- _DATA SHOWN_:
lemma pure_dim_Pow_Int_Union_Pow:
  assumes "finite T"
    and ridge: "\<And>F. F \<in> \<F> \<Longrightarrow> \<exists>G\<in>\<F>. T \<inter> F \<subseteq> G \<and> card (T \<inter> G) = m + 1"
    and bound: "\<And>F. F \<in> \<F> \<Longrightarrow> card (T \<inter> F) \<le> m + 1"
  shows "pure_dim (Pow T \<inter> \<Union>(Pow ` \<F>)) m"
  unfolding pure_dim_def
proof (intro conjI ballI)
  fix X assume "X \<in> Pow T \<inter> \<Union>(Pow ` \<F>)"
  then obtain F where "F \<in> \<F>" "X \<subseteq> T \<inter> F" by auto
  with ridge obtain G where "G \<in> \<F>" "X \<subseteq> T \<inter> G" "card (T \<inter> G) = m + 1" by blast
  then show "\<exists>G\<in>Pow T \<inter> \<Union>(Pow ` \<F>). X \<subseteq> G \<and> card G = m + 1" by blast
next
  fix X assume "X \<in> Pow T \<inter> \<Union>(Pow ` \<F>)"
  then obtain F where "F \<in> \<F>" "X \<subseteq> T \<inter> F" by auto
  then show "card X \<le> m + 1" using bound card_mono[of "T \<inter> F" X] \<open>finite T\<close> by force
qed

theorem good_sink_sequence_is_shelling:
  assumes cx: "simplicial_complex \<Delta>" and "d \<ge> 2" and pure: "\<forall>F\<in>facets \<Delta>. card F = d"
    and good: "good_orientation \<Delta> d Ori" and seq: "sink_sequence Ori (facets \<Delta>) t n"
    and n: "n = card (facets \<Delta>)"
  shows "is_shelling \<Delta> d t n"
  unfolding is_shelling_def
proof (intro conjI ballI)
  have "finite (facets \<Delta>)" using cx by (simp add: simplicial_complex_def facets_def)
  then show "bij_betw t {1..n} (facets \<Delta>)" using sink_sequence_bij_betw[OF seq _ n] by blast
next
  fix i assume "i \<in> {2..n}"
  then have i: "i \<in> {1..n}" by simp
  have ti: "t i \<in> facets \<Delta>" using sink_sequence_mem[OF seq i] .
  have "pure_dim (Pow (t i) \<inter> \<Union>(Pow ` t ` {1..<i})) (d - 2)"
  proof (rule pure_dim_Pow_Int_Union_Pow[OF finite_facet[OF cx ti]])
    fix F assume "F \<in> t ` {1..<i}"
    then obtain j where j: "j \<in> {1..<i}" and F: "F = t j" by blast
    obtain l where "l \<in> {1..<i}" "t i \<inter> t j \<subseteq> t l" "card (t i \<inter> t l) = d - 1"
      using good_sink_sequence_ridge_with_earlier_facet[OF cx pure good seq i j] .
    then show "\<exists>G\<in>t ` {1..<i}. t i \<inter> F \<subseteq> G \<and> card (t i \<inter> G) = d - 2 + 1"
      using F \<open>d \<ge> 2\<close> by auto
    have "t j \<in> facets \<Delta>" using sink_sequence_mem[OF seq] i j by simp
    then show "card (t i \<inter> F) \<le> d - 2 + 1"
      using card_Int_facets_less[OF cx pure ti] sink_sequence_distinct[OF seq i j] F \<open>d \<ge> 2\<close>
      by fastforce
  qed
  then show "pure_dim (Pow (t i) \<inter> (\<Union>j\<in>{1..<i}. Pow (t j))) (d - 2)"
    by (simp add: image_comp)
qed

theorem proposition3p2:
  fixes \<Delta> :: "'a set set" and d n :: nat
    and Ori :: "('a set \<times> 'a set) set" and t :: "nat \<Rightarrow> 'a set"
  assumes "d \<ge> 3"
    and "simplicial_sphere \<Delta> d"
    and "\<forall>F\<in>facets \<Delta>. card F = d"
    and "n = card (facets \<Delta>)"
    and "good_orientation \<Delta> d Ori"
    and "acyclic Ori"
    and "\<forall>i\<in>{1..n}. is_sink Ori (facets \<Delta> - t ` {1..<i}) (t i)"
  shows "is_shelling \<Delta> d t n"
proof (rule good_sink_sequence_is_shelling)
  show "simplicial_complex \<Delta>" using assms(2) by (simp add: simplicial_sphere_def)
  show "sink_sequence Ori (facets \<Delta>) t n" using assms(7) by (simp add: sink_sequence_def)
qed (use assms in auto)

---

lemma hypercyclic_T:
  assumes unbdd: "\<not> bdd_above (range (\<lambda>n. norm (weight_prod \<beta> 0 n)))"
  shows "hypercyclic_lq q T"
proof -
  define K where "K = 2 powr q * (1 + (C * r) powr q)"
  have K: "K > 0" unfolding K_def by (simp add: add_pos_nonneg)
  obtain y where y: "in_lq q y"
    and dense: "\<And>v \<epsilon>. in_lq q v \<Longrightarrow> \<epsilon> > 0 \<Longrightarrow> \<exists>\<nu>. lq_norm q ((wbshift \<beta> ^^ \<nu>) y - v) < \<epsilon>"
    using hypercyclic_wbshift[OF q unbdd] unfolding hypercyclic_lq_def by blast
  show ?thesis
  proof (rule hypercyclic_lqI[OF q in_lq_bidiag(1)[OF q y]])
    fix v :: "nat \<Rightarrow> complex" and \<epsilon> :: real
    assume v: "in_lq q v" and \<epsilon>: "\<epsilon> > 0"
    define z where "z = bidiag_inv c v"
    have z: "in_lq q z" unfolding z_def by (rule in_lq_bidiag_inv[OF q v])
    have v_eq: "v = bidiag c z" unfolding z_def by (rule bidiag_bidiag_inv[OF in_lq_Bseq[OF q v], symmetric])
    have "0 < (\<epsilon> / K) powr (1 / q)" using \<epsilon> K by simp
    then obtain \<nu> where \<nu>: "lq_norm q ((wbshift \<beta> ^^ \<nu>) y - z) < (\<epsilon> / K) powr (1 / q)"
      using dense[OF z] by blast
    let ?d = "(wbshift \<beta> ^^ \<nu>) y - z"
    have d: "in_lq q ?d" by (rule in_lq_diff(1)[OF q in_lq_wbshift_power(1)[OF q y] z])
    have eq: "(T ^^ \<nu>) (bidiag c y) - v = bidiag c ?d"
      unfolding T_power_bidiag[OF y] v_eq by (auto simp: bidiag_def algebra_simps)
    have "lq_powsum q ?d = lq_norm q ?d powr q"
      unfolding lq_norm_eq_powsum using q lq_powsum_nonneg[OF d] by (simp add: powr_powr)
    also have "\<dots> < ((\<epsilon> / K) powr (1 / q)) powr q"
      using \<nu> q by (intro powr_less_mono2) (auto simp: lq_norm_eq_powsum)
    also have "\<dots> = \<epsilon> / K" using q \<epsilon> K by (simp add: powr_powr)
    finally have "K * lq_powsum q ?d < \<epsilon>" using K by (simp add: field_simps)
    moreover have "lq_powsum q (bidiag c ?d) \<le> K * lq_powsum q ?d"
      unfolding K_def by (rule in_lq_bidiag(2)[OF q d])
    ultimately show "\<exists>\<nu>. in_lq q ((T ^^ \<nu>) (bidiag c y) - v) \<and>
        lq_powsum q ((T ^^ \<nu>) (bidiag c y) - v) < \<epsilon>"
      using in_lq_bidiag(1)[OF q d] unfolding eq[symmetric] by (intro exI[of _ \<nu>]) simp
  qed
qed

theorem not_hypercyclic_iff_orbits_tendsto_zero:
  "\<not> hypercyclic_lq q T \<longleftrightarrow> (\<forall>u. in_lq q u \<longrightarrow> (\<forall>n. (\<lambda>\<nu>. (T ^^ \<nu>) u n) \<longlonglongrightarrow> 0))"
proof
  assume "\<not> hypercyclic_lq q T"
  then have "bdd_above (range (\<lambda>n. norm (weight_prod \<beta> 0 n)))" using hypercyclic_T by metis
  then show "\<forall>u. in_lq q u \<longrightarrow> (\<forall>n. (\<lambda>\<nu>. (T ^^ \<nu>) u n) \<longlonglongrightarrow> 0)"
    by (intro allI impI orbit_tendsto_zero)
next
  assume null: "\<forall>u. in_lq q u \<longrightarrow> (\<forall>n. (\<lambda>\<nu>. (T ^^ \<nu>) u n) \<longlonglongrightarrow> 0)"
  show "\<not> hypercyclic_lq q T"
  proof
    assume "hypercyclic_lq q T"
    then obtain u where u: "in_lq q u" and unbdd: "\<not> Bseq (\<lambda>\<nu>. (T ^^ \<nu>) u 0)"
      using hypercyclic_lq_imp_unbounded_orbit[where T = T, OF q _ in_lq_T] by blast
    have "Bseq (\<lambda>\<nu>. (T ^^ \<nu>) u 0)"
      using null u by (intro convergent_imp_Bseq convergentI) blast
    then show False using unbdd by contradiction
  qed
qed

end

- _ASSIGNMENT_:
In the records above, find the line with "i) \<inter> \<Union>(Pow"; write out exactly that line and each one after it, stopping after the line with "qed (use assms in auto)".

- _ANSWER FOR THIS EXERCISE_:
  have "pure_dim (Pow (t i) \<inter> \<Union>(Pow ` t ` {1..<i})) (d - 2)"
  proof (rule pure_dim_Pow_Int_Union_Pow[OF finite_facet[OF cx ti]])
    fix F assume "F \<in> t ` {1..<i}"
    then obtain j where j: "j \<in> {1..<i}" and F: "F = t j" by blast
    obtain l where "l \<in> {1..<i}" "t i \<inter> t j \<subseteq> t l" "card (t i \<inter> t l) = d - 1"
      using good_sink_sequence_ridge_with_earlier_facet[OF cx pure good seq i j] .
    then show "\<exists>G\<in>t ` {1..<i}. t i \<inter> F \<subseteq> G \<and> card (t i \<inter> G) = d - 2 + 1"
      using F \<open>d \<ge> 2\<close> by auto
    have "t j \<in> facets \<Delta>" using sink_sequence_mem[OF seq] i j by simp
    then show "card (t i \<inter> F) \<le> d - 2 + 1"
      using card_Int_facets_less[OF cx pure ti] sink_sequence_distinct[OF seq i j] F \<open>d \<ge> 2\<close>
      by fastforce
  qed
  then show "pure_dim (Pow (t i) \<inter> (\<Union>j\<in>{1..<i}. Pow (t j))) (d - 2)"
    by (simp add: image_comp)
qed

theorem proposition3p2:
  fixes \<Delta> :: "'a set set" and d n :: nat
    and Ori :: "('a set \<times> 'a set) set" and t :: "nat \<Rightarrow> 'a set"
  assumes "d \<ge> 3"
    and "simplicial_sphere \<Delta> d"
    and "\<forall>F\<in>facets \<Delta>. card F = d"
    and "n = card (facets \<Delta>)"
    and "good_orientation \<Delta> d Ori"
    and "acyclic Ori"
    and "\<forall>i\<in>{1..n}. is_sink Ori (facets \<Delta> - t ` {1..<i}) (t i)"
  shows "is_shelling \<Delta> d t n"
proof (rule good_sink_sequence_is_shelling)
  show "simplicial_complex \<Delta>" using assms(2) by (simp add: simplicial_sphere_def)
  show "sink_sequence Ori (facets \<Delta>) t n" using assms(7) by (simp add: sink_sequence_def)
qed (use assms in auto)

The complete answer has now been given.